Edward announced in his letter that he was given 15 minutes’ ‘scribble time’. It reads as follows:
“My dear Mum and Dad, At last after a weary 3½ years, we are all again free men. This is my first attempt at writing for a very long time after working on rice and stew for 3½ years one’s brain becomes decidedly dim. Did I say stew? Soup and mighty thin at times too.
“How is everyone at Sandy Brow? Am looking forward to having all the news. So much has happened during these last wonderful weeks that we still wonder if we are dreaming or not.
“I wrote a few scratchy lines yesterday in about 5 minutes and was told that they probably would not be delivered and were being substituted by these. So here’s hoping.
“We are at present (about 50 of us) staying in a large building standing in spacious grounds in Batavia, a grand place. Our food is excellent and since the great day, nearly all of (excuse me!)
“Sept 17th. A very memorable date – doctor has just come to see us and informed us to pack our kit. Shall be flying to India any moment! GOSH!
“Everyone’s all a buzz. We had been saying that everyone was going home except us. I get so excited these days – especially when I think of home – my mother and father and all those I love. In fact writing this and thinking of you all is nearly too much for me. I’m a bit soft. During the past years one found it best to forget everything and take what was coming.
“Have tasted eggs, butter, milk and meat, fruit, etc first for over 3 years. (STOP PRESS the ‘Gen’ is we are flying into Colombo, given warm kit and then straight to Good Old England. I wonder!) In any case shall post this where we stay, or bring it with me.
“Have been telling my ward that something big was bound to happen on the 17th. He’s a grand fellow, lives in Brighton and used to work for Small and Parkes s.c. Rep.
“Although Java is a beautiful island, not so much now the Japs have had it for 3½ years. Shall be glad to get away from the eternal sun.
“Pompey lads been very fortunate only 2 dead that I can find anything about.

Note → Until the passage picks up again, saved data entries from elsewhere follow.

(* Let $X$ be a pre-ordered Banach space with a closed cone, and let $X'$ be its dual, ordered by the dual cone $X'_+=\{f\in X': f(x)\ge 0 \text{ for all } x\in X_+\}$. Let $\alpha>0$. Then: (1) $X'$ is approximately $\alpha$-sum-conormal if and only if $X'$ is $\alpha$-sum-conormal; (2) $X'$ is approximately $\alpha$-max-conormal if and only if $X'$ is $\alpha$-max-conormal; (3) $X'$ is approximately $\alpha$-absolutely conormal if and only if $X'$ is $\alpha$-absolutely conormal; (4) $X'$ is approximately $\alpha$-conormal if and only if $X'$ is $\alpha$-conormal.
   Context: A cone in a real Banach space $X$ is a subset $C$ with $C+C\subseteq C$ and $\lambda C\subseteq C$ for all $\lambda\ge0$. A pre-ordered Banach space is a real Banach space $X$ together with a cone $X_+$ (not assumed proper), with $x\ge y$ meaning $x-y\in X_+$. For a pre-ordered Banach space $Z$ with closed cone and $\alpha>0$: $Z$ is $\alpha$-sum-conormal if every $x\in Z$ can be written $x=a-b$ with $a,b\in Z_+$ and $\|a\|+\|b\|\le\alpha\|x\|$; approximately $\alpha$-sum-conormal if for every $x$ and $\varepsilon>0$ there are $a,b\in Z_+$ with $x=a-b$ and $\|a\|+\|b\|<\alpha\|x\|+\varepsilon$. $Z$ is $\alpha$-max-conormal (resp. approximately) if the same holds with $\max\{\|a\|,\|b\|\}$ in place of $\|a\|+\|b\|$. $Z$ is $\alpha$-absolutely conormal if for every $x$ there is $a\in Z_+$ with $-x\le a$, $x\le a$ and $\|a\|\le\alpha\|x\|$; approximately $\alpha$-absolutely conormal if for every $x$ and $\varepsilon>0$ there is $a\in Z_+$ with $\pm x\le a$ and $\|a\|<\alpha\|x\|+\varepsilon$. $Z$ is $\alpha$-conormal if for every $x$ there is $a\in Z_+$ with $0\le a$, $x\le a$ and $\|a\|\le\alpha\|x\|$; approximately $\alpha$-conormal if for every $x$ and $\varepsilon>0$ there is $a$ with $0\le a$, $x\le a$, $\|a\|<\alpha\|x\|+\varepsilon$. *)

theory Defs
  imports "HOL-Analysis.Analysis"
begin

text \<open>A cone in a real vector space: closed under addition and non-negative scaling
  (not assumed proper). The pre-order is x \<le> y iff y - x \<in> K.\<close>
definition is_cone :: "'a::real_vector set \<Rightarrow> bool" where
  "is_cone C \<longleftrightarrow> (\<forall>x\<in>C. \<forall>y\<in>C. x + y \<in> C) \<and> (\<forall>l::real. l \<ge> 0 \<longrightarrow> (\<forall>x\<in>C. l *\<^sub>R x \<in> C))"

definition dual_cone :: "'a::real_normed_vector set \<Rightarrow> ('a \<Rightarrow>\<^sub>L real) set" where
  "dual_cone C = {f. \<forall>x\<in>C. blinfun_apply f x \<ge> 0}"

definition sum_conormal :: "'b::real_normed_vector set \<Rightarrow> real \<Rightarrow> bool" where
  "sum_conormal K \<alpha> \<longleftrightarrow> (\<forall>x. \<exists>a\<in>K. \<exists>b\<in>K. x = a - b \<and> norm a + norm b \<le> \<alpha> * norm x)"

definition approx_sum_conormal :: "'b::real_normed_vector set \<Rightarrow> real \<Rightarrow> bool" where
  "approx_sum_conormal K \<alpha> \<longleftrightarrow>
     (\<forall>x. \<forall>\<epsilon>>0. \<exists>a\<in>K. \<exists>b\<in>K. x = a - b \<and> norm a + norm b < \<alpha> * norm x + \<epsilon>)"

definition max_conormal :: "'b::real_normed_vector set \<Rightarrow> real \<Rightarrow> bool" where
  "max_conormal K \<alpha> \<longleftrightarrow> (\<forall>x. \<exists>a\<in>K. \<exists>b\<in>K. x = a - b \<and> max (norm a) (norm b) \<le> \<alpha> * norm x)"

definition approx_max_conormal :: "'b::real_normed_vector set \<Rightarrow> real \<Rightarrow> bool" where
  "approx_max_conormal K \<alpha> \<longleftrightarrow>
     (\<forall>x. \<forall>\<epsilon>>0. \<exists>a\<in>K. \<exists>b\<in>K. x = a - b \<and> max (norm a) (norm b) < \<alpha> * norm x + \<epsilon>)"

text \<open>-x \<le> a and x \<le> a, i.e. a - (-x) \<in> K and a - x \<in> K.\<close>
definition abs_conormal :: "'b::real_normed_vector set \<Rightarrow> real \<Rightarrow> bool" where
  "abs_conormal K \<alpha> \<longleftrightarrow> (\<forall>x. \<exists>a\<in>K. a - (- x) \<in> K \<and> a - x \<in> K \<and> norm a \<le> \<alpha> * norm x)"

definition approx_abs_conormal :: "'b::real_normed_vector set \<Rightarrow> real \<Rightarrow> bool" where
  "approx_abs_conormal K \<alpha> \<longleftrightarrow>
     (\<forall>x. \<forall>\<epsilon>>0. \<exists>a\<in>K. a - (- x) \<in> K \<and> a - x \<in> K \<and> norm a < \<alpha> * norm x + \<epsilon>)"

text \<open>0 \<le> a and x \<le> a.\<close>
definition conormal :: "'b::real_normed_vector set \<Rightarrow> real \<Rightarrow> bool" where
  "conormal K \<alpha> \<longleftrightarrow> (\<forall>x. \<exists>a. a - 0 \<in> K \<and> a - x \<in> K \<and> norm a \<le> \<alpha> * norm x)"

definition approx_conormal :: "'b::real_normed_vector set \<Rightarrow> real \<Rightarrow> bool" where
  "approx_conormal K \<alpha> \<longleftrightarrow>
     (\<forall>x. \<forall>\<epsilon>>0. \<exists>a. a - 0 \<in> K \<and> a - x \<in> K \<and> norm a < \<alpha> * norm x + \<epsilon>)"

end

theory Submission imports Defs begin

text \<open>Each approximate property provides, for every \<open>\<epsilon> > 0\<close>, a functional in a
  weak*-closed set of admissible functionals (given by dual-cone conditions) whose gauge
  (\<open>norm a + norm (a - x)\<close>, \<open>max (norm a) (norm (a - x))\<close> or \<open>norm a\<close>) is below
  \<open>\<alpha> * norm x + \<epsilon>\<close>. The gauges are weak*-lower semicontinuous and dominate the norm, so
  these sets meet a fixed dual ball with the finite intersection property, and by
  Banach--Alaoglu they have a common point, which witnesses the exact property.\<close>

text \<open>The weak* topology on the dual is the one induced by the product topology on
  \<open>'a \<Rightarrow> real\<close>, i.e. pointwise convergence.\<close>
definition weak_star_closed :: "('a::real_normed_vector \<Rightarrow>\<^sub>L real) set \<Rightarrow> bool" where
  "weak_star_closed S \<longleftrightarrow> (\<exists>T. closed T \<and> S = blinfun_apply -` T)"

lemma weak_star_closedI: "closed T \<Longrightarrow> S = blinfun_apply -` T \<Longrightarrow> weak_star_closed S"
  unfolding weak_star_closed_def by blast

lemma weak_star_closed_Int:
  "weak_star_closed S \<Longrightarrow> weak_star_closed S' \<Longrightarrow> weak_star_closed (S \<inter> S')"
  unfolding weak_star_closed_def by (metis closed_Int vimage_Int)

lemma weak_star_closed_dual_cone:
  fixes C :: "'a::real_normed_vector set"
  shows "weak_star_closed (dual_cone C)"
proof (rule weak_star_closedI)
  show "closed (\<Inter>d\<in>C. {g :: 'a \<Rightarrow> real. 0 \<le> g d})"
    by (intro closed_INT ballI closed_Collect_le continuous_on_const
        continuous_on_product_coordinates)
qed (auto simp: dual_cone_def)

lemma weak_star_closed_translation:
  assumes "weak_star_closed S"
  shows "weak_star_closed {a. a - x \<in> S}"
proof -
  obtain T where T: "closed T" "S = blinfun_apply -` T"
    using assms unfolding weak_star_closed_def by blast
  have "continuous_on UNIV (\<lambda>g y. g y - blinfun_apply x y)"
    by (intro continuous_on_coordinatewise_then_product continuous_intros
        continuous_on_product_coordinates)
  then have "closed ((\<lambda>g y. g y - blinfun_apply x y) -` T)"
    using T(1) by (simp add: closed_vimage)
  then show ?thesis
    by (rule weak_star_closedI) (auto simp: T(2) minus_blinfun.rep_eq fun_diff_def)
qed

lemma blinfun_le_norm:
  fixes f :: "'a::real_normed_vector \<Rightarrow>\<^sub>L real"
  assumes "y \<in> cball 0 1"
  shows "f y \<le> norm f"
proof -
  have "f y \<le> norm f * norm y"
    using norm_blinfun[of f y] by simp
  also have "\<dots> \<le> norm f"
    using assms mult_left_le[of "norm y" "norm f"] by simp
  finally show ?thesis .
qed

lemma norm_blinfun_le_iff:
  fixes f :: "'a::real_normed_vector \<Rightarrow>\<^sub>L real"
  shows "norm f \<le> t \<longleftrightarrow> (\<forall>y\<in>cball 0 1. f y \<le> t)"
proof
  assume "norm f \<le> t"
  then show "\<forall>y\<in>cball 0 1. f y \<le> t"
    using blinfun_le_norm order_trans by blast
next
  assume bound: "\<forall>y\<in>cball 0 1. f y \<le> t"
  have "norm (f y) \<le> t * norm y" for y
  proof (cases "y = 0")
    case False
    let ?u = "y /\<^sub>R norm y"
    have "f ?u \<le> t" "f (- ?u) \<le> t"
      using bound False by auto
    then have "f y \<le> t * norm y" "- f y \<le> t * norm y"
      using False by (simp_all add: blinfun.scaleR_right blinfun.minus_right field_simps)
    then show ?thesis by (simp add: abs_le_iff)
  qed simp
  moreover have "0 \<le> t"
    using bound[rule_format, of 0] by simp
  ultimately show "norm f \<le> t"
    by (rule norm_blinfun_bound[rotated])
qed

lemma norm_add_norm_blinfun_le_iff:
  fixes f g :: "'a::real_normed_vector \<Rightarrow>\<^sub>L real"
  shows "norm f + norm g \<le> t \<longleftrightarrow> (\<forall>y\<in>cball 0 1. \<forall>z\<in>cball 0 1. f y + g z \<le> t)"
proof
  assume "norm f + norm g \<le> t"
  then show "\<forall>y\<in>cball 0 1. \<forall>z\<in>cball 0 1. f y + g z \<le> t"
    using blinfun_le_norm[of _ f] blinfun_le_norm[of _ g] by (meson add_mono order_trans)
next
  assume bound: "\<forall>y\<in>cball 0 1. \<forall>z\<in>cball 0 1. f y + g z \<le> t"
  have "g z \<le> t - norm f" if "z \<in> cball 0 1" for z
  proof -
    have "norm f \<le> t - g z"
      unfolding norm_blinfun_le_iff using bound that by (simp add: le_diff_eq)
    then show ?thesis by simp
  qed
  then have "norm g \<le> t - norm f"
    using norm_blinfun_le_iff by blast
  then show "norm f + norm g \<le> t" by simp
qed

lemma weak_star_closed_norm_le: "weak_star_closed {a. norm a \<le> t}"
proof (rule weak_star_closedI)
  show "closed (\<Inter>y\<in>cball 0 1. {g. g y \<le> t})"
    by (intro closed_INT ballI closed_Collect_le continuous_intros continuous_on_product_coordinates)
qed (auto simp: norm_blinfun_le_iff)

lemma weak_star_closed_norm_add_norm_le: "weak_star_closed {a. norm a + norm (a - x) \<le> t}"
proof (rule weak_star_closedI)
  show "closed (\<Inter>y\<in>cball 0 1. \<Inter>z\<in>cball 0 1. {g. g y + (g z - blinfun_apply x z) \<le> t})"
    by (intro closed_INT ballI closed_Collect_le continuous_intros continuous_on_product_coordinates)
qed (auto simp: norm_add_norm_blinfun_le_iff blinfun.diff_left)

lemma weak_star_closed_max_norm_le: "weak_star_closed {a. max (norm a) (norm (a - x)) \<le> t}"
  using weak_star_closed_Int[OF weak_star_closed_norm_le
      weak_star_closed_translation[OF weak_star_closed_norm_le]]
  by (simp add: Collect_conj_eq)

text \<open>Banach--Alaoglu, in the form of the finite intersection property for weak*-closed
  subsets of a closed ball of the dual.\<close>
lemma dual_ball_Inter_weak_star_closed_nonempty:
  fixes S :: "'i \<Rightarrow> ('a::real_normed_vector \<Rightarrow>\<^sub>L real) set"
  assumes closed: "\<And>i. i \<in> I \<Longrightarrow> weak_star_closed (S i)"
    and fip: "\<And>F. finite F \<Longrightarrow> F \<subseteq> I \<Longrightarrow> {a. norm a \<le> R} \<inter> \<Inter>(S ` F) \<noteq> {}"
  shows "{a. norm a \<le> R} \<inter> \<Inter>(S ` I) \<noteq> {}"
proof -
  obtain T where T: "\<And>i. i \<in> I \<Longrightarrow> closed (T i) \<and> S i = blinfun_apply -` T i"
    using closed unfolding weak_star_closed_def by metis
  define B :: "('a \<Rightarrow> real) set" where "B = Pi UNIV (\<lambda>y. {- R * norm y..R * norm y})"
  define L :: "('a \<Rightarrow> real) set" where
    "L = {g. (\<forall>u v. g (u + v) = g u + g v) \<and> (\<forall>r u. g (r *\<^sub>R u) = r * g u)}"
  have "compact B"
    using compactin_PiE[of "\<lambda>_. euclidean" UNIV "\<lambda>y. {- R * norm y..R * norm y}"]
    by (simp add: B_def euclidean_product_topology PiE_UNIV_domain)
  moreover have "closed L"
    unfolding L_def
    by (intro closed_Collect_conj closed_Collect_all closed_Collect_eq continuous_intros
        continuous_on_product_coordinates)
  ultimately have "compact (B \<inter> L)"
    by (rule compact_Int_closed)
  have in_box: "blinfun_apply a \<in> B \<inter> L" if "norm a \<le> R" for a
  proof -
    have "\<bar>a y\<bar> \<le> R * norm y" for y
      using norm_blinfun[of a y] mult_right_mono[OF that norm_ge_zero[of y]] by simp
    then have "blinfun_apply a \<in> B"
      by (auto simp: B_def abs_le_iff minus_le_iff)
    then show ?thesis
      by (simp add: L_def blinfun.add_right blinfun.scaleR_right)
  qed
  have "B \<inter> L \<inter> \<Inter>(T ` I) \<noteq> {}"
  proof (rule compact_imp_fip_image[OF \<open>compact (B \<inter> L)\<close>])
    show "closed (T i)" if "i \<in> I" for i
      using T that by blast
  next
    fix F assume "finite F" "F \<subseteq> I"
    then obtain a where "a \<in> {a. norm a \<le> R} \<inter> \<Inter>(S ` F)"
      using fip by blast
    then have a: "norm a \<le> R" "\<And>i. i \<in> F \<Longrightarrow> a \<in> S i"
      by auto
    have "blinfun_apply a \<in> T i" if "i \<in> F" for i
      using T[of i] a(2)[OF that] that \<open>F \<subseteq> I\<close> by blast
    then have "blinfun_apply a \<in> B \<inter> L \<inter> \<Inter>(T ` F)"
      using in_box[OF a(1)] by blast
    then show "B \<inter> L \<inter> \<Inter>(T ` F) \<noteq> {}" by blast
  qed
  then obtain g where g: "g \<in> B" "g \<in> L" "\<And>i. i \<in> I \<Longrightarrow> g \<in> T i"
    by blast
  obtain a0 :: "'a \<Rightarrow>\<^sub>L real" where "norm a0 \<le> R"
    using fip[of "{}"] by auto
  then have "0 \<le> R"
    using norm_ge_zero order_trans by blast
  have bound: "norm (g y) \<le> R * norm y" for y
    using g(1) by (simp add: B_def Pi_iff abs_le_iff minus_le_iff)
  have "bounded_linear g"
  proof (rule bounded_linear_intro[where K = R])
    show "g (u + v) = g u + g v" "g (r *\<^sub>R u) = r *\<^sub>R g u" for u v r
      using g(2) by (simp_all add: L_def)
    show "norm (g y) \<le> norm y * R" for y
      using bound[of y] by (simp add: mult.commute)
  qed
  then have g_eq: "blinfun_apply (Blinfun g) = g"
    by (rule bounded_linear_Blinfun_apply)
  have "norm (Blinfun g) \<le> R"
    using \<open>0 \<le> R\<close> bound by (intro norm_blinfun_bound) (simp_all only: g_eq)
  moreover have "Blinfun g \<in> S i" if "i \<in> I" for i
    using g(3)[OF that] T[OF that] by (simp add: g_eq)
  ultimately show ?thesis by blast
qed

“I am fairly fit, very thin and suffering from the after effects of having dysentery 5 times, but good food will soon put me right.
“As space is short will try to summarise events which might be of interest. Remember a small lad, one Pat Davis, first school pal of Voller days. Met him in early POW days after over 20 years, now Wing Commander, highest rank in camp and he turned up trumps. Just as natural as he always was, no side.
“Hope to get a pair of boots any time, have worn pieces of wood for 2½ years. Bare feet most of the time, they soon get hard. My hair will be about 1 inch long now.
“Since POW have been to AMBON ISLE for 1½ years on a working party. Just Hell on Earth. Our officers estimate 25% of us survived. Could never get you to half imagine this appalling suffering of our boys through disease and starvation.
“Had fish today, first for 3½ years, was it tasty. This place has been heaven. Must close. See you all soon. Loving son. Edward.”
He ends with a side note ‘MY MOTHER. What a day it will be’ and six kisses.
Edward was the youngest son of Arthur Whitmore Jones, who founded the family business in Southsea in 1909, and was 32 when he returned from the Pacific.
He expanded the business by opening the Chichester store, taking over the site of an existing hardware and furniture store which had operated since the early 1800s.
After Edward died, Christopher joined the business, to help his mother Jean, and took over the day-to-day running. Jean continued to work at the shop and retired fully from the business only in 2002, at the age of 81.
Mike joined the business in 2003, the fourth generation to be actively involved. He now runs the business with the aid of senior sales manager Gerald Lloyd.